Solution.21 A solid cylinder rolls up an inclined plane of angle of inclination $30^{\circ} .$ At the bottom of the inclined plane the centre of mass of the cylinder has a speed of $5 \mathrm{~m} / \mathrm{s}$
(a) How far will the cylinder go up the plane?
(b) How long will it take to return to the bottom?

Solution.
Given,
The linear speed of the cylinder at the bottom of the inclined plane $v=5 \mathrm{~m} \mathrm{~s}^{-1}$
The angle of inclination $\theta=30^{\circ}$
Let the height to which the cylinder can climb is $h$
From the conservation of mechanical energy,
$\frac{1}{2} m v^{2}+\frac{1}{2} I \omega^{2}=m g h$
$\Rightarrow \frac{1}{2} m v^{2}+\frac{1}{2} \times \frac{1}{2} m r^{2} \times\left(\frac{v}{r}\right)^{2}=m g h$
$\Rightarrow \frac{3 v^{2}}{4 g}=h$
$\Rightarrow$ Distance travelled on the inclined plane $d=h \operatorname{cosec} \theta=\frac{3 v^{2}}{4 g} \operatorname{cosec} \theta$
$d=\frac{3(5)^{2}}{4(9.8)} \operatorname{cosec} 30^{\circ}=3.8 \mathrm{~m}$
Acceleration of the cylinder while rolling down the inclined plane
$a=\frac{g \sin \theta}{\left(1+\frac{k^{2}}{r^{2}}\right)}=\frac{g \sin \theta}{\left(1+\frac{1}{2}\right)}=\frac{2}{3} g \sin \theta$
From the kinematic equation,
$S=u t+\frac{1}{2} a t^{2}$
$\Rightarrow 3.8 \mathrm{~m}=\frac{1}{2} \times \frac{2}{3} g \sin \theta \times t^{2}$
$\Rightarrow t=\sqrt{\frac{3 \times 3.8}{9.8 \times \frac{1}{2}}}=1.5 \mathrm{~s}$
Thus, total time taken to return to the bottom $=2 \times 1.5 \mathrm{~s}=3.0 \mathrm{~s}$

Question.22 As shown in Fig. 7.40, the two sides of a step ladder BA and CA are $1.6 \mathrm{~m}$ long and hinged at A. A rope DE, $0.5 \mathrm{~m}$ is tied halfway up.
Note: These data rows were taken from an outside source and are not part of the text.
lemma four_pow_le_if_no_prime_between:
  fixes n :: nat
  defines "x \<equiv> real n"
  assumes "0 < n" and "\<nexists>p. prime p \<and> n < p \<and> p \<le> 2 * n"
  shows "4 powr x \<le> 2 * x * ((2 * x) powr sqrt (2 * x) * 4 powr (2 * x / 3))"
proof -
  define t where "t = floor_sqrt (2 * n)"
  have x: "1 \<le> 2 * x"
    using assms(2) by (simp add: x_def)
  have "real (t ^ 2) \<le> real (2 * n)"
    using floor_sqrt_power2_le[of "2 * n"] unfolding t_def of_nat_le_iff .
  then have "real t \<le> sqrt (2 * x)"
    by (intro real_le_rsqrt) (simp add: x_def)
  have "(2 * x) ^ t = (2 * x) powr real t"
    using x by (intro powr_realpow[symmetric]) simp
  also have "\<dots> \<le> (2 * x) powr sqrt (2 * x)"
    using \<open>real t \<le> sqrt (2 * x)\<close> x by (rule powr_mono)
  finally have sqrt_part: "(2 * x) ^ t \<le> (2 * x) powr sqrt (2 * x)" .
  have "real (2 * n div 3) \<le> 2 * x / 3"
    unfolding x_def using of_nat_div_le_of_nat[of "2 * n" 3] by simp
  then have "(4::real) powr real (2 * n div 3) \<le> 4 powr (2 * x / 3)"
    by (rule powr_mono) simp
  then have primorial_part: "(4::real) ^ (2 * n div 3) \<le> 4 powr (2 * x / 3)"
    by (simp add: powr_realpow)
  have "real (2 * n choose n) \<le> real ((2 * n) ^ t * 4 ^ (2 * n div 3))"
    unfolding of_nat_le_iff t_def using assms(2,3) by (rule central_binomial_le_if_no_prime_between)
  also have "\<dots> = (2 * x) ^ t * 4 ^ (2 * n div 3)"
    by (simp add: x_def)
  also have "\<dots> \<le> (2 * x) powr sqrt (2 * x) * 4 powr (2 * x / 3)"
    using sqrt_part primorial_part by (intro mult_mono) simp_all
  finally have binomial_le: "real (2 * n choose n) \<le> (2 * x) powr sqrt (2 * x) * 4 powr (2 * x / 3)" .
  have "4 powr x = 4 ^ n"
    by (simp add: x_def powr_realpow)
  also have "\<dots> \<le> 2 * x * real (2 * n choose n)"
    using central_binomial_lower_bound[OF assms(2)] assms(2)
    by (simp add: x_def pos_divide_le_eq mult_ac)
  also have "\<dots> \<le> 2 * x * ((2 * x) powr sqrt (2 * x) * 4 powr (2 * x / 3))"
    using binomial_le x by (intro mult_left_mono) simp_all
  finally show ?thesis .
qed

lemma bertrand_eventually: "eventually (\<lambda>n. \<exists>p. prime p \<and> n < p \<and> p \<le> 2 * n) sequentially"
proof -
  have "eventually (\<lambda>n::nat. 2 * real n * ((2 * real n) powr sqrt (2 * real n) * 4 powr (2 * real n / 3))
      < 4 powr real n) sequentially"
    by real_asymp
  moreover have "eventually (\<lambda>n::nat. 0 < n) sequentially"
    by (rule eventually_gt_at_top)
  ultimately show ?thesis
  proof eventually_elim
    case (elim n)
    show ?case
    proof (rule ccontr)
      assume "\<not> ?case"
      with elim(2) have "4 powr real n \<le> 2 * real n * ((2 * real n) powr sqrt (2 * real n) * 4 powr (2 * real n / 3))"
        by (rule four_pow_le_if_no_prime_between)
      with elim(1) show False
        by linarith
    qed
  qed
qed

section \<open>Large primes in the sequences\<close>

lemma multiplicity_fact_below_double:
  fixes p n :: nat
  assumes "prime p" "n < 2 * p"
  shows "multiplicity p (fact n :: nat) = of_bool (p \<le> n)"
proof -
  have "multiplicity p (fact n :: nat) = (\<Sum>k\<in>{1..Suc n}. n div p ^ k)"
    by (rule multiplicity_fact[OF assms(1)]) simp
  also have "\<dots> = n div p + (\<Sum>k\<in>{2..Suc n}. n div p ^ k)"
    by (simp add: sum.atLeast_Suc_atMost numeral_2_eq_2)
  also have "(\<Sum>k\<in>{2..Suc n}. n div p ^ k) = 0"
  proof (rule sum.neutral, rule ballI)
    fix k
    assume "k \<in> {2..Suc n}"
    then have "p ^ 2 \<le> p ^ k"
      using prime_gt_0_nat[OF assms(1)] by (intro power_increasing) auto
    moreover have "2 * p \<le> p ^ 2"
      using prime_ge_2_nat[OF assms(1)] by (simp add: power2_eq_square)
    ultimately show "n div p ^ k = 0"
      using assms(2) by simp
  qed
  also have "n div p = of_bool (p \<le> n)"
    using assms(2) by (auto intro: div_nat_eqI)
  finally show ?thesis
    by simp
qed

lemma multiplicity_dvd_fact_below_double:
  fixes p x n :: nat
  assumes "prime p" "n < 2 * p" "x dvd fact n" "p \<le> n \<Longrightarrow> p dvd x"
  shows "multiplicity p x = of_bool (p \<le> n)"
proof -
  have "x \<noteq> 0"
  proof
    assume "x = 0"
    with assms(3) show False
      by simp
  qed
  have "multiplicity p x \<le> multiplicity p (fact n :: nat)"
    using assms(3) by (rule dvd_imp_multiplicity_le) simp
  moreover have "0 < multiplicity p x" if "p \<le> n"
    using assms(1,4) that \<open>x \<noteq> 0\<close> by (simp add: prime_multiplicity_gt_zero_iff)
  ultimately show ?thesis
    using multiplicity_fact_below_double[OF assms(1,2)] by (cases "p \<le> n") auto
qed

lemma dfact_pos: "0 < dfact n"
  by (induction n rule: dfact.induct) simp_all

lemma dfact_dvd_fact: "dfact n dvd fact n"
proof (induction n rule: dfact.induct)
  case (3 n)
  have "dfact (Suc (Suc n)) = Suc (Suc n) * dfact n"
    by simp
  also have "\<dots> dvd Suc (Suc n) * (Suc n * fact n)"
    using 3 by (intro mult_dvd_mono dvd_mult) simp_all
  also have "\<dots> = fact (Suc (Suc n))"
    by (simp only: fact_Suc of_nat_id)
  finally show ?case .
qed simp_all

lemma dfact_double: "dfact (2 * k) = 2 ^ k * fact k"
  by (induction k) (simp_all add: fact_Suc algebra_simps del: of_nat_Suc)

lemma odd_dvd_dfact:
  assumes "odd p" "odd n" "p \<le> n"
  shows "p dvd dfact n"
  using assms
proof (induction n rule: dfact.induct)
  case (3 n)
  show ?case
  proof (cases "p = Suc (Suc n)")
    case True
    then show ?thesis
      by (simp only: dfact.simps(3) dvd_triv_left)
  next
    case False
    with 3 have "p \<le> n"
      by (auto simp: le_Suc_eq)
    with 3 show ?thesis
      by simp
  qed
qed (auto simp: le_Suc_eq)

lemma lcm_upto_dvd_fact: "lcm_upto n dvd fact n"
  unfolding lcm_upto_def by (rule Lcm_least) (auto intro: dvd_fact)

lemma dvd_lcm_upto: "1 \<le> m \<Longrightarrow> m \<le> n \<Longrightarrow> m dvd lcm_upto n"
  unfolding lcm_upto_def by (rule dvd_Lcm) simp

definition core :: "seq_kind \<Rightarrow> nat \<Rightarrow> nat" where
  "core k n = (case k of Fact \<Rightarrow> fact n | DFact \<Rightarrow> dfact n | LcmSeq \<Rightarrow> lcm_upto n
     | Primorial \<Rightarrow> primorial n | PrimePrimorial \<Rightarrow> primorial (nth_prime n))"

text \<open>For a prime \<open>p > 2\<close> with \<open>horizon k n < 2p\<close>, the valuation of \<open>core k n\<close> at \<open>p\<close> is
  1 if \<open>p \<le> horizon k n\<close> and 0 otherwise; for even \<open>n\<close> the horizon of \<open>n!!\<close> is \<open>n/2\<close>
  because \<open>(2m)!! = 2\<^sup>m m!\<close>.\<close>

definition horizon :: "seq_kind \<Rightarrow> nat \<Rightarrow> nat" where
  "horizon k n = (case k of DFact \<Rightarrow> if odd n then n else n div 2
     | PrimePrimorial \<Rightarrow> nth_prime n | _ \<Rightarrow> n)"

lemma Hseq_eq_power_times_core:
  obtains e where "Hseq k A n = A ^ e * core k n"
  by (cases k) (auto simp: core_def)

lemma core_pos: "0 < core k n"
proof -
  have "0 < lcm_upto n"
    using lcm_upto_dvd_fact[of n] by (metis dvd_0_left_iff fact_nonzero gr0I)
  then show ?thesis
    by (cases k) (simp_all add: core_def dfact_pos primorial_pos)
qed

lemma Hseq_pos: "0 < A \<Longrightarrow> 0 < Hseq k A n"
  by (metis Hseq_eq_power_times_core core_pos nat_0_less_mult_iff zero_less_power)

lemma le_double_horizon: "n \<le> 2 * horizon k n + 1"
proof (cases k)
  case PrimePrimorial
  have "n - 1 \<le> nth_prime n"
    unfolding nth_prime_def using primes_infinite by (rule le_enumerate)
  then show ?thesis
    using PrimePrimorial by (simp add: horizon_def)
qed (auto simp: horizon_def)

lemma multiplicity_dfact_double:
  fixes p :: nat
  assumes "prime p" "p \<noteq> 2"
  shows "multiplicity p (dfact (2 * j)) = multiplicity p (fact j :: nat)"
proof -
  have "\<not> p dvd 2 ^ j"
  proof
    assume "p dvd 2 ^ j"
    then have "p dvd 2"
      using assms(1) prime_dvd_power by blast
    then show False
      using assms primes_dvd_imp_eq two_is_prime_nat by blast
  qed
  then show ?thesis
    using assms(1) by (simp add: dfact_double multiplicity_prime_elem_times_other)
qed

lemma multiplicity_core:
  fixes p :: nat
  assumes "prime p" "2 < p" "horizon k n < 2 * p"
  shows "multiplicity p (core k n) = of_bool (p \<le> horizon k n)"
proof (cases k)
  case DFact
  show ?thesis
  proof (cases "even n")
    case True
    then obtain j where "n = 2 * j"
      by blast
    then show ?thesis
      using DFact assms by (simp add: core_def horizon_def multiplicity_dfact_double multiplicity_fact_below_double)
  next
    case False
    have "odd p"
      using assms prime_odd_nat by blast
    with False DFact assms show ?thesis
      by (simp add: core_def horizon_def multiplicity_dvd_fact_below_double dfact_dvd_fact odd_dvd_dfact)
  qed
next
  case LcmSeq
  then show ?thesis
    using assms prime_ge_1_nat[OF assms(1)]
    by (simp add: core_def horizon_def multiplicity_dvd_fact_below_double lcm_upto_dvd_fact dvd_lcm_upto)
qed (use assms in \<open>simp_all add: core_def horizon_def multiplicity_fact_below_double multiplicity_primorial\<close>)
A weight $40 \mathrm{~kg}$ is suspended from a point $\mathrm{F}, 1.2 \mathrm{~m}$ from $\mathrm{B}$ along the ladder BA. Assuming the floor to be frictionless and neglecting the weight of the ladder, find the tension in the rope and forces exerted by the floor on the ladder. (Take $g=9.8 \mathrm{~m} / \mathrm{s}^{2}$ ) (Hint: Consider the equilibrium of each side of the ladder separately.)


Solution:

Given,
Weight suspended $W=40 \mathrm{~g} \mathrm{~N}$
Length of the side $A B=A C=1.6 \mathrm{~m}$
Length of the rope $D E=0.5 \mathrm{~m}$
From the rules of triangles,
$B C=\frac{D E}{0.8} \times 1.6=1 \mathrm{~m}$
Let the angle between normal force and sides of the ladder is $\theta$
$\sin \theta=\frac{0.25}{0.8}=\frac{2.5}{8}$, and $\cos \theta=\frac{7.6}{8}$
Let the normal force applied by the floor on the ladder at $B$ and $C$ are $N_{1}$ and $N_{2}$ respectively.
As the ladder is under equilibrium,
$W=N_{1}+N_{2}=40 \mathrm{~g}$

Torque about $B$
$N_{1} \times 0+W \times 1.2 \sin \theta-N_{2}(1)+T(0.8 \cos \theta)-T(0.8 \cos \theta)=0$
$\Rightarrow N_{2}=\frac{40 \times 9.8 \times 1.2 \times 2.5}{8}=147 \mathrm{~N}$
And $N_{1}=40 \times 9.8-147=245 \mathrm{~N}$
Net torque on the left part of the ladder about $A$ is zero.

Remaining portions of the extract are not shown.